Learning to handle miscommunication in multi-modal conversational AI
Abstract
In human communication, we continuously negotiate shared understanding and deal
with misunderstandings as they arise to achieve mutual coordination. However, despite
the ubiquity and importance of misunderstandings and repairs in dialogue, conversational
AI often struggles to process them effectively, limiting their ability to collaborate with
humans through natural language.
This thesis explores how to develop robust models for processing miscommunications
in situated collaborative tasks. We first collect a dialogue corpus to study human-agent
coordination in an ambiguous environment, finding that models struggle to resolve referring expressions. To address this shortcoming, we design and train models to ground
referring expressions and detect ambiguities, learning strong multi-modal representations
in situated dialogues.

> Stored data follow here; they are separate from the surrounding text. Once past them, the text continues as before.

(* Let $A_1,\dots,A_n$ be fixed positive-semidefinite $d\times d$ matrices (real or complex) and $k\in\mathbb{N}$. Let $(\delta_1,\dots,\delta_n)\sim\textsc{multinomial}(k,n)$ (the occupancy counts of $k$ balls placed independently and uniformly at random in $n$ bins), and let $Q_1,\dots,Q_n$ be iid $\textsc{poisson}(k/n)$ random variables. Define $\widehat Y_n=\sum_{i=1}^n\delta_iA_i$ and $X_n=\sum_{i=1}^nQ_iA_i$. Then for all $\theta\ge0$, \[ \mathbb{E}\operatorname{Tr}e^{-\theta(\widehat Y_n-\mathbb{E}\widehat Y_n)}\le2\,\mathbb{E}\operatorname{Tr}e^{-\theta(X_n-\mathbb{E}X_n)}. \]
   Context: $e^M$ is the matrix exponential. Note $\mathbb{E}\widehat Y_n=\mathbb{E}X_n=\frac kn\sum_{i=1}^nA_i$. *)

theory Defs
  imports "HOL-Analysis.Analysis" "HOL-Probability.Probability"
begin

text \<open>Matrix power with respect to matrix multiplication (note: ^ on vec is componentwise).\<close>
primrec matrix_pow :: "'a::semiring_1^'n^'n \<Rightarrow> nat \<Rightarrow> 'a^'n^'n" where
  "matrix_pow M 0 = mat 1"
| "matrix_pow M (Suc m) = M ** matrix_pow M m"

definition mexp :: "complex^'n^'n \<Rightarrow> complex^'n^'n" where
  "mexp M = (\<Sum>m. (1 / fact m) *\<^sub>R matrix_pow M m)"

definition hermitian :: "complex^'n^'n \<Rightarrow> bool" where
  "hermitian A \<longleftrightarrow> (\<forall>i j. A $ i $ j = cnj (A $ j $ i))"

definition psd :: "complex^'n^'n \<Rightarrow> bool" where
  "psd A \<longleftrightarrow> hermitian A \<and>
     (\<forall>x::complex^'n. 0 \<le> Re (\<Sum>i\<in>UNIV. \<Sum>j\<in>UNIV. cnj (x $ i) * A $ i $ j * x $ j))"

definition poisson :: "real \<Rightarrow> nat pmf" where
  "poisson r = (if 0 < r then poisson_pmf r else return_pmf 0)"

definition balls_in_bins :: "nat \<Rightarrow> nat \<Rightarrow> (nat \<Rightarrow> nat) pmf" where
  "balls_in_bins k n = Pi_pmf {..<k} 0 (\<lambda>_. pmf_of_set {..<n})"

text \<open>Occupancy count of bin i: delta_i.  (delta_0..delta_{n-1}) ~ multinomial(k,n).\<close>
definition occupancy :: "nat \<Rightarrow> (nat \<Rightarrow> nat) \<Rightarrow> nat \<Rightarrow> nat" where
  "occupancy k f i = card {j\<in>{..<k}. f j = i}"

end

theory Submission
  imports Defs
begin

(* For a vector c of counts let F c = Re tr exp (-theta (sum_i c_i A_i - EY)). Because the A_i
   are positive semidefinite, F is nonnegative and antitone in c: the derivative of
   t -> Re tr exp (H + t B) is Re tr (B e^(X/2) e^(X/2)) >= 0 for B psd and X = H + t B Hermitian.
   Hence the expectation of F under the occupancy law of m balls in n bins decreases as m grows.
   Independent Poisson(k/n) counts are the occupancy counts of N ~ Poisson(k) balls, so
   E F(Q) >= P(N <= k) E F(delta), and P(N <= k) >= 1/2 since the median of Poisson(k) is at
   most k. *)

section \<open>Entrywise l1 norm of matrices\<close>

definition mat_l1 :: "'a::real_normed_vector^'n^'n \<Rightarrow> real" where
  "mat_l1 M = (\<Sum>i\<in>UNIV. \<Sum>j\<in>UNIV. norm (M $ i $ j))"

lemma mat_l1_nonneg: "0 \<le> mat_l1 M"
  unfolding mat_l1_def by (intro sum_nonneg norm_ge_zero)

lemma norm_le_mat_l1: "norm M \<le> mat_l1 M"
proof -
  have "norm M \<le> (\<Sum>i\<in>UNIV. norm (M $ i))"
    unfolding norm_vec_def by (rule L2_set_le_sum) auto
  also have "\<dots> \<le> mat_l1 M"
    unfolding mat_l1_def by (intro sum_mono) (simp add: norm_vec_def L2_set_le_sum)
  finally show ?thesis .
qed

lemma norm_matrix_entry_le: "norm (M $ i $ j) \<le> norm M"
  using Finite_Cartesian_Product.norm_nth_le[of "M $ i" j]
    Finite_Cartesian_Product.norm_nth_le[of M i]
  by (rule order_trans)

lemma mat_l1_le_norm:
  "mat_l1 (M::'a::real_normed_vector^'n^'n) \<le> real (CARD('n) * CARD('n)) * norm M"
proof -
  have "mat_l1 M \<le> (\<Sum>i\<in>(UNIV::'n set). \<Sum>j\<in>(UNIV::'n set). norm M)"
    unfolding mat_l1_def by (intro sum_mono norm_matrix_entry_le)
  then show ?thesis by simp
qed

lemma mat_l1_add: "mat_l1 (A + B) \<le> mat_l1 A + mat_l1 B"
  unfolding mat_l1_def by (simp add: sum.distrib[symmetric] sum_mono norm_triangle_ineq)

lemma mat_l1_scaleR: "mat_l1 (r *\<^sub>R A) = \<bar>r\<bar> * mat_l1 A"
  unfolding mat_l1_def by (simp add: sum_distrib_left)

lemma mat_l1_mult: "mat_l1 (A ** B) \<le> mat_l1 A * mat_l1 (B::'a::real_normed_algebra_1^'n^'n)"
proof -
  have "mat_l1 (A ** B) \<le> (\<Sum>i\<in>UNIV. \<Sum>j\<in>UNIV. \<Sum>k\<in>UNIV. norm (A$i$k) * norm (B$k$j))"
    unfolding mat_l1_def matrix_matrix_mult_def vec_lambda_beta
    by (intro sum_mono order_trans[OF norm_sum] norm_mult_ineq)
  also have "\<dots> = (\<Sum>i\<in>UNIV. \<Sum>k\<in>UNIV. \<Sum>j\<in>UNIV. norm (A$i$k) * norm (B$k$j))"
    by (intro sum.cong refl sum.swap)
  also have "\<dots> = (\<Sum>i\<in>UNIV. \<Sum>k\<in>UNIV. norm (A$i$k) * (\<Sum>j\<in>UNIV. norm (B$k$j)))"
    by (simp add: sum_distrib_left)
  also have "\<dots> \<le> (\<Sum>i\<in>UNIV. \<Sum>k\<in>UNIV. norm (A$i$k) * mat_l1 B)"
    unfolding mat_l1_def
    by (intro sum_mono mult_left_mono member_le_sum[where f="\<lambda>k. \<Sum>j\<in>UNIV. norm (B $ k $ j)"])
      (auto intro: sum_nonneg)
  also have "\<dots> = mat_l1 A * mat_l1 B"
    unfolding mat_l1_def by (simp add: sum_distrib_right)
  finally show ?thesis .
qed

lemma mat_l1_mat_1: "mat_l1 (mat 1 :: 'a::real_normed_algebra_1^'n^'n) = real CARD('n)"
  unfolding mat_l1_def mat_def by (simp add: if_distrib[of norm] cong: if_cong)

lemma mat_l1_matrix_pow:
  "mat_l1 (matrix_pow (M::'a::real_normed_algebra_1^'n^'n) m) \<le> real CARD('n) * mat_l1 M ^ m"
proof (induction m)
  case 0
  then show ?case by (simp add: mat_l1_mat_1)
next
  case (Suc m)
  have "mat_l1 (matrix_pow M (Suc m)) \<le> mat_l1 M * mat_l1 (matrix_pow M m)"
    by (simp add: mat_l1_mult)
  also have "\<dots> \<le> mat_l1 M * (real CARD('n) * mat_l1 M ^ m)"
    by (intro mult_left_mono Suc mat_l1_nonneg)
  finally show ?case by (simp add: algebra_simps)
qed

lemma abs_Re_trace_le_mat_l1: "\<bar>Re (trace M)\<bar> \<le> mat_l1 M"
proof -
  have "\<bar>Re (trace M)\<bar> \<le> (\<Sum>i\<in>UNIV. norm (M $ i $ i))"
    unfolding trace_def by (rule order_trans[OF abs_Re_le_cmod norm_sum])
  also have "\<dots> \<le> mat_l1 M"
    unfolding mat_l1_def by (intro sum_mono member_le_sum) auto
  finally show ?thesis .
qed
lemma incidence_poly_other_root:
  assumes root: "incidence_poly m x\<^sub>0 = 0" and not_contact: "m \<noteq> beta_trace * x\<^sub>0 ^ q"
  shows "\<exists>z. z \<noteq> 0 \<and> incidence_poly m (x\<^sub>0 + z) = 0"
proof -
  define d where "d = m + beta_trace * x\<^sub>0 ^ q"
  define u where "u = \<delta> / d"
  define t where "t = 1 / quad_form u"
  have "d \<noteq> 0"
    using not_contact eq_iff_add_eq_0 unfolding d_def by blast
  moreover have "\<delta> \<noteq> 0"
    using delta_power_q power_q_simps(4) by force
  ultimately have "u \<noteq> 0"
    unfolding u_def by simp
  then have Q_u: "quad_form u \<noteq> 0"
    by (simp add: quad_form_eq_0_iff)
  have "t \<noteq> 0"
    using Q_u unfolding t_def by simp
  have t_q: "t ^ q = t"
    unfolding t_def by (simp add: power_one_over quad_form_power_q)
  have du: "d * u = \<delta>" and du_q: "d ^ q * u ^ q = 1 + \<delta>"
    using \<open>d \<noteq> 0\<close> delta_power_q unfolding u_def by (simp_all flip: power_mult_distrib)
  have "incidence_poly m (x\<^sub>0 + t * u) = t ^ 2 * quad_form u + t * (d * u) + t * (d ^ q * u ^ q)"
    using incidence_poly_shift[of m x\<^sub>0 "t * u"] root
    unfolding d_def[symmetric] quad_form_scale[OF t_q] power_mult_distrib t_q by (simp add: ac_simps)
  also have "\<dots> = t + t * \<delta> + t * (1 + \<delta>)"
    using Q_u unfolding du du_q t_def by (simp add: power2_eq_square)
  also have "\<dots> = 0"
    by (rule char_two_eqI[OF char_two, where k = "t + t * \<delta>"]) algebra
  finally show ?thesis
    using \<open>t \<noteq> 0\<close> \<open>u \<noteq> 0\<close> by (intro exI[of _ "t * u"]) simp
qed

lemma incidence_poly_roots_eq_singleton_iff:
  assumes root: "incidence_poly m x\<^sub>0 = 0"
  shows "{x. incidence_poly m x = 0} = {x\<^sub>0} \<longleftrightarrow> m = beta_trace * x\<^sub>0 ^ q"
proof
  assume "{x. incidence_poly m x = 0} = {x\<^sub>0}"
  then show "m = beta_trace * x\<^sub>0 ^ q"
    using incidence_poly_other_root[OF root] by force
next
  assume "m = beta_trace * x\<^sub>0 ^ q"
  then have "m + beta_trace * x\<^sub>0 ^ q = 0"
    using eq_iff_add_eq_0 by blast
  then have "incidence_poly m x = quad_form (x - x\<^sub>0)" for x
    using incidence_poly_shift[of m x\<^sub>0 "x - x\<^sub>0"] root power_q_simps(4) q_pos by simp
  then show "{x. incidence_poly m x = 0} = {x\<^sub>0}"
    by (auto simp: quad_form_eq_0_iff)
qed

We then analyse the signals required for models to learn to handle miscommunications, and propose a cross-modal taxonomy of clarifications to assess
the contribution of distinct modalities. Our experiments with different model architectures and training objectives reveal that secondary objectives are essential to integrate
multiple modalities (dialogue, visual and relational), leading to models better suited to
deal with challenging clarifications in conversations. Finally, we evaluate how generative multi-modal LLMs handle both miscommunications and repairs by releasing a new
benchmark, BlockWorld-Repairs, based on human data collections and studies. We then
propose alternative training approaches that encourage models to learn from interactive
settings, generalising to handling both instructions and subsequent repairs for successful
task-completion. Throughout this thesis, we highlight the challenges posed by miscommunications and present approaches to develop robust collaborative conversational AI
models better adapted for human interactions.